Years of continuing growth in the number of registered nurses in the NHS has come to an end with the workforce now beginning to shrink, official figures show.
However, while there has been a pronounced fall in number of overall nurses employed, the healthcare assistant workforce continues to increase – fuelling existing fears that the nursing skill mix is becoming diluted.
The data from the latest NHS Workforce Census, published last week, showed the service employed 335,357 whole time equivalent nurses on September 30 last year, 650 less than 12 months earlier.
Although still higher than the 2008 total, it is the first year-on-year fall in more than a decade.
The reduction in registered staff is largely the result of a drop of 414 in the number of WTE practice nurses, which fell to 13,167 – continuing a downward trend that began in 2006 – and in bank staff, which dropped by 2,487 to 13,051.

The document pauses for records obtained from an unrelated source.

text \<open>A walk from \<open>A\<close> in \<open>F\<close> avoiding \<open>Z\<close> stays in \<open>F - {{x, y}}\<close> until it first meets
  \<open>insert x Y\<close>: it could only use the edge from its \<open>y\<close> end, and \<open>y\<close> is unreachable.\<close>
lemma reach_avoiding_until_hit:
  assumes "reach_avoiding F Z a t" "a \<in> A"
    and noA: "\<forall>a\<in>A. \<not> reach_avoiding (F - {{x, y}}) Y a y"
  shows "(\<exists>z\<in>insert x Y. reach_avoiding (F - {{x, y}}) Z a z) \<or>
         reach_avoiding (F - {{x, y}}) (Z \<union> insert x Y) a t"
proof -
  let ?G = "F - {{x, y}}" and ?X = "insert x Y"
  have aZ: "a \<notin> Z" using assms(1) unfolding reach_avoiding_def by auto
  have "(adj (edges_avoiding F Z))\<^sup>*\<^sup>* a t" using assms(1) unfolding reach_avoiding_def by auto
  thus ?thesis
  proof (induction rule: rtranclp_induct)
    case base
    show ?case using aZ reach_avoiding_refl[of a Z ?G] reach_avoiding_refl[of a "Z \<union> ?X" ?G]
      by (cases "a \<in> ?X") auto
  next
    case (step t t')
    from step.IH show ?case
    proof
      assume "\<exists>z\<in>?X. reach_avoiding ?G Z a z"
      thus ?thesis ..
    next
      assume r: "reach_avoiding ?G (Z \<union> ?X) a t"
      have tZX: "t \<notin> Z \<union> ?X" using reach_avoiding_notin[OF r] .
      have tt: "t \<noteq> t'" "{t, t'} \<in> F" "t' \<notin> Z"
        using step.hyps(2) unfolding adj_def edges_avoiding_def by auto
      have "{t, t'} \<noteq> {x, y}"
      proof
        assume "{t, t'} = {x, y}"
        hence "t = y" using tZX by (auto simp: doubleton_eq_iff)
        moreover have "reach_avoiding ?G Y a t"
          using r by (rule reach_avoiding_anti_mono[rotated]) auto
        ultimately show False using noA assms(2) by blast
      qed
      hence adjG: "adj ?G t t'" using tt by (simp add: adj_def)
      show ?thesis
      proof (cases "t' \<in> ?X")
        case True
        have "reach_avoiding ?G Z a t"
          using r by (rule reach_avoiding_anti_mono[rotated]) auto
        hence "reach_avoiding ?G Z a t'" using adjG tt(3) by (rule reach_avoiding_step)
        with True show ?thesis by blast
      next
        case False
        with tt(3) have "reach_avoiding ?G (Z \<union> ?X) a t'" using reach_avoiding_step[OF r adjG] by blast
        thus ?thesis ..
      qed
    qed
  qed
qed

lemma separates_through_edge:
  assumes sepY: "separates (F - {{x, y}}) A B Y"
    and noA: "\<forall>a\<in>A. \<not> reach_avoiding (F - {{x, y}}) Y a y"
    and sepZ: "separates (F - {{x, y}}) A (insert x Y) Z"
  shows "separates F A B Z"
  unfolding separates_def
proof (intro ballI notI)
  fix a b assume ab: "a \<in> A" "b \<in> B" "reach_avoiding F Z a b"
  from reach_avoiding_until_hit[OF ab(3,1) noA] show False
  proof
    assume "\<exists>z\<in>insert x Y. reach_avoiding (F - {{x, y}}) Z a z"
    thus False using sepZ ab(1) unfolding separates_def by blast
  next
    assume "reach_avoiding (F - {{x, y}}) (Z \<union> insert x Y) a b"
    hence "reach_avoiding (F - {{x, y}}) Y a b"
      by (rule reach_avoiding_anti_mono[rotated]) auto
    thus False using sepY ab(1,2) unfolding separates_def by blast
  qed
qed

lemma AB_path_append:
  assumes p: "AB_path F A X p" and q: "AB_path F X' B q" and pq: "adj F (last p) (hd q)"
    and "set p \<inter> set q = {}" "set q \<inter> A = {}" "set p \<inter> B = {}"
  shows "AB_path F A B (p @ q)"
  using assms unfolding AB_path_def by (auto simp: successively_append_iff)

lemma AB_path_join:
  assumes p: "AB_path F A X p" and q: "AB_path F X' B q" and pq: "last p = hd q"
    and meet: "set p \<inter> set q = {hd q}"
    and A: "\<forall>z\<in>set q. z \<in> A \<longrightarrow> z = hd q" and B: "\<forall>z\<in>set p. z \<in> B \<longrightarrow> z = last p"
  shows "AB_path F A B (p @ tl q)"
proof -
  obtain c r where qc: "q = c # r" using q by (cases q) (auto simp: AB_path_def)
  have q': "c \<notin> set r" "distinct r" "successively (adj F) (c # r)" "last q \<in> B"
    "\<forall>z\<in>set q. z \<in> B \<longrightarrow> z = last q"
    using q unfolding qc AB_path_def by auto
  have p': "p \<noteq> []" "distinct p" "successively (adj F) p" "hd p \<in> A"
    "\<forall>z\<in>set p. z \<in> A \<longrightarrow> z = hd p"
    using p unfolding AB_path_def by auto
  have cB: "r = []" if "c \<in> B"
  proof (rule ccontr)
    assume "r \<noteq> []"
    hence "last q \<in> set r" using qc by simp
    thus False using q'(1,5) that qc by auto
  qed
  have last: "last (p @ r) = last q" using qc pq p'(1) by (cases "r = []") auto
  have "set p \<inter> set r = {}" using meet q'(1) qc by auto
  moreover have "successively (adj F) (p @ r)"
    using p'(1,3) q'(3) pq qc by (cases r) (auto simp: successively_append_iff)
  moreover have "\<forall>z\<in>set (p @ r). z \<in> A \<longrightarrow> z = hd (p @ r)"
    using A p'(1,5) q'(1) qc by auto
  moreover have "\<forall>z\<in>set (p @ r). z \<in> B \<longrightarrow> z = last (p @ r)"
    using B q'(5) cB last pq qc p'(1) by auto
  ultimately show ?thesis
    using p' q' last qc unfolding AB_path_def by auto
qed

text \<open>Gluing \<open>|Y| + 1\<close> disjoint paths from \<open>A\<close> to \<open>insert x Y\<close> with as many from \<open>insert y Y\<close> to
  \<open>B\<close>, all avoiding the edge \<open>{x, y}\<close>, along \<open>Y\<close> and along that edge.  The two families can only
  meet in \<open>Y\<close>, because \<open>Y\<close> separates \<open>A\<close> from \<open>B\<close>.\<close>
locale AB_path_gluing =
  fixes F :: "'a set set" and A B Y :: "'a set" and x y :: 'a and P Q :: "'a list set"
  assumes edge: "{x, y} \<in> F" "x \<noteq> y" and finite_Y: "finite Y" and xY: "x \<notin> Y" and yY: "y \<notin> Y"
    and sepY: "separates (F - {{x, y}}) A B Y"
    and P: "disjoint_AB_paths (F - {{x, y}}) A (insert x Y) (card (insert x Y)) P"
    and Q: "disjoint_AB_paths (F - {{x, y}}) (insert y Y) B (card (insert y Y)) Q"
begin

abbreviation G :: "'a set set" where "G \<equiv> F - {{x, y}}"

definition path_to :: "'a \<Rightarrow> 'a list" where "path_to t = the_inv_into P last t"

definition path_from :: "'a \<Rightarrow> 'a list" where "path_from t = the_inv_into Q hd t"

lemma path_to: "t \<in> insert x Y \<Longrightarrow> path_to t \<in> P \<and> last (path_to t) = t"
  using disjoint_AB_paths_bij_last[OF P] finite_Y unfolding path_to_def
  by (meson bij_betwE bij_betw_the_inv_into f_the_inv_into_f_bij_betw finite_insert)

lemma path_from: "t \<in> insert y Y \<Longrightarrow> path_from t \<in> Q \<and> hd (path_from t) = t"
  using disjoint_AB_paths_bij_hd[OF Q] finite_Y unfolding path_from_def
  by (meson bij_betwE bij_betw_the_inv_into f_the_inv_into_f_bij_betw finite_insert)

lemma P_AB_path: "p \<in> P \<Longrightarrow> AB_path G A (insert x Y) p"
  using P unfolding disjoint_AB_paths_def by blast

lemma Q_AB_path: "q \<in> Q \<Longrightarrow> AB_path G (insert y Y) B q"
  using Q unfolding disjoint_AB_paths_def by blast

lemma P_Q_meet:
  assumes "p \<in> P" "q \<in> Q" "z \<in> set p" "z \<in> set q"
  shows "z \<in> Y \<and> z = last p \<and> z = hd q"
proof -
  have "z \<in> Y"
  proof (rule ccontr)
    assume "z \<notin> Y"
    hence "reach_avoiding G Y (hd p) (last q)"
      using AB_path_prefix_reach[OF P_AB_path[OF assms(1)] assms(3) _ subset_insertI]
        AB_path_suffix_reach[OF Q_AB_path[OF assms(2)] assms(4) _ subset_insertI]
      by (metis reach_avoiding_trans)
    moreover have "hd p \<in> A" "last q \<in> B"
      using P_AB_path[OF assms(1)] Q_AB_path[OF assms(2)] by (auto simp: AB_path_def)
    ultimately show False using sepY by (auto simp: separates_def)
  qed
  thus ?thesis using P_AB_path[OF assms(1)] Q_AB_path[OF assms(2)] assms(3,4)
    by (auto simp: AB_path_def)
qed

lemma P_Q_inter: "p \<in> P \<Longrightarrow> q \<in> Q \<Longrightarrow> set p \<inter> set q \<subseteq> Y \<inter> {last p} \<inter> {hd q}"
  using P_Q_meet by blast

lemma Q_meets_A: "q \<in> Q \<Longrightarrow> z \<in> set q \<Longrightarrow> z \<in> A \<Longrightarrow> z \<in> Y"
  using AB_path_suffix_reach[OF Q_AB_path] Q_AB_path sepY
  by (fastforce simp: separates_def AB_path_def)

lemma P_meets_B: "p \<in> P \<Longrightarrow> z \<in> set p \<Longrightarrow> z \<in> B \<Longrightarrow> z \<in> Y"
  using AB_path_prefix_reach[OF P_AB_path] P_AB_path sepY
  by (fastforce simp: separates_def AB_path_def)

definition glued :: "'a \<Rightarrow> 'a list" where
  "glued t = (if t = x then path_to x @ path_from y else path_to t @ tl (path_from t))"

lemma AB_path_glued_x: "AB_path F A B (glued x)"
proof -
  let ?p = "path_to x" and ?q = "path_from y"
  have p: "?p \<in> P" "last ?p = x" and q: "?q \<in> Q" "hd ?q = y" using path_to path_from by auto
  show ?thesis unfolding glued_def if_P[OF refl]
  proof (rule AB_path_append)
    show "AB_path F A (insert x Y) ?p" "AB_path F (insert y Y) B ?q"
      using P_AB_path[OF p(1)] Q_AB_path[OF q(1)] AB_path_mono by blast+
    show "adj F (last ?p) (hd ?q)" using edge p(2) q(2) by (simp add: adj_def)
    have "set ?p \<inter> set ?q \<subseteq> Y \<inter> {x}" using P_Q_inter[OF p(1) q(1)] p(2) by simp
    thus "set ?p \<inter> set ?q = {}" using xY by auto
    show "set ?q \<inter> A = {}" using Q_meets_A[OF q(1)] P_Q_meet Q_AB_path[OF q(1)] q(2) yY
      by (force simp: AB_path_def)
    show "set ?p \<inter> B = {}" using P_meets_B[OF p(1)] P_AB_path[OF p(1)] p(2) xY
      by (force simp: AB_path_def)
  qed
qed

lemma AB_path_glued_Y:
  assumes "t \<in> Y"
  shows "AB_path F A B (glued t)"
proof -
  let ?p = "path_to t" and ?q = "path_from t"
  have p: "?p \<in> P" "last ?p = t" and q: "?q \<in> Q" "hd ?q = t" using path_to path_from assms by auto
  have "glued t = ?p @ tl ?q" using assms xY by (auto simp: glued_def)
  also have "AB_path F A B \<dots>"
  proof (rule AB_path_join)
    show "AB_path F A (insert x Y) ?p" "AB_path F (insert y Y) B ?q"
      using P_AB_path[OF p(1)] Q_AB_path[OF q(1)] AB_path_mono by blast+
    show "last ?p = hd ?q" using p(2) q(2) by simp
    have "?p \<noteq> []" "?q \<noteq> []" using P_AB_path[OF p(1)] Q_AB_path[OF q(1)] by (auto simp: AB_path_def)
    hence "t \<in> set ?p" "t \<in> set ?q" using p(2) q(2) by (metis last_in_set hd_in_set)+
    moreover have "set ?p \<inter> set ?q \<subseteq> {t}" using P_Q_inter[OF p(1) q(1)] q(2) by simp
    ultimately show "set ?p \<inter> set ?q = {hd ?q}" using q(2) by auto
    show "\<forall>z\<in>set ?q. z \<in> A \<longrightarrow> z = hd ?q"
      using Q_meets_A[OF q(1)] Q_AB_path[OF q(1)] by (auto simp: AB_path_def)
    show "\<forall>z\<in>set ?p. z \<in> B \<longrightarrow> z = last ?p"
      using P_meets_B[OF p(1)] P_AB_path[OF p(1)] by (auto simp: AB_path_def)
  qed
  finally show ?thesis .
qed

Growth in the number of HCAs continued, but is slowing, the figures show. The 43,212 WTE staff employed in 2010 represented an increase of 881 on 2009.
James Buchan, professor of health sciences at Queen Margaret University, Edinburgh, said: “The tailing off of growth of NHS registered nurses, while expected, is the end of a long period of growth.”
He highlighted that the data did not distinguish between different grades of HCA, giving little indication of how fast growth in higher band assistant practitioners was. “They are likely to be management’s favoured skill mix solution over the next few cash constrained years,” he told Nursing Times.
Speaking on the drop in practice nurses, Royal College of Nursing primary care advisor Lynn Young said: “I don’t think this is as simple as GPs being greedy and not employing nurses. I know there are many GPs, particularly in London and the South East, who wanted to recruit practice nurses and can’t get them.”
She added: “We do have an increasing skill mix in general practice – we’re seeing an increase in healthcare assistants being brought in.”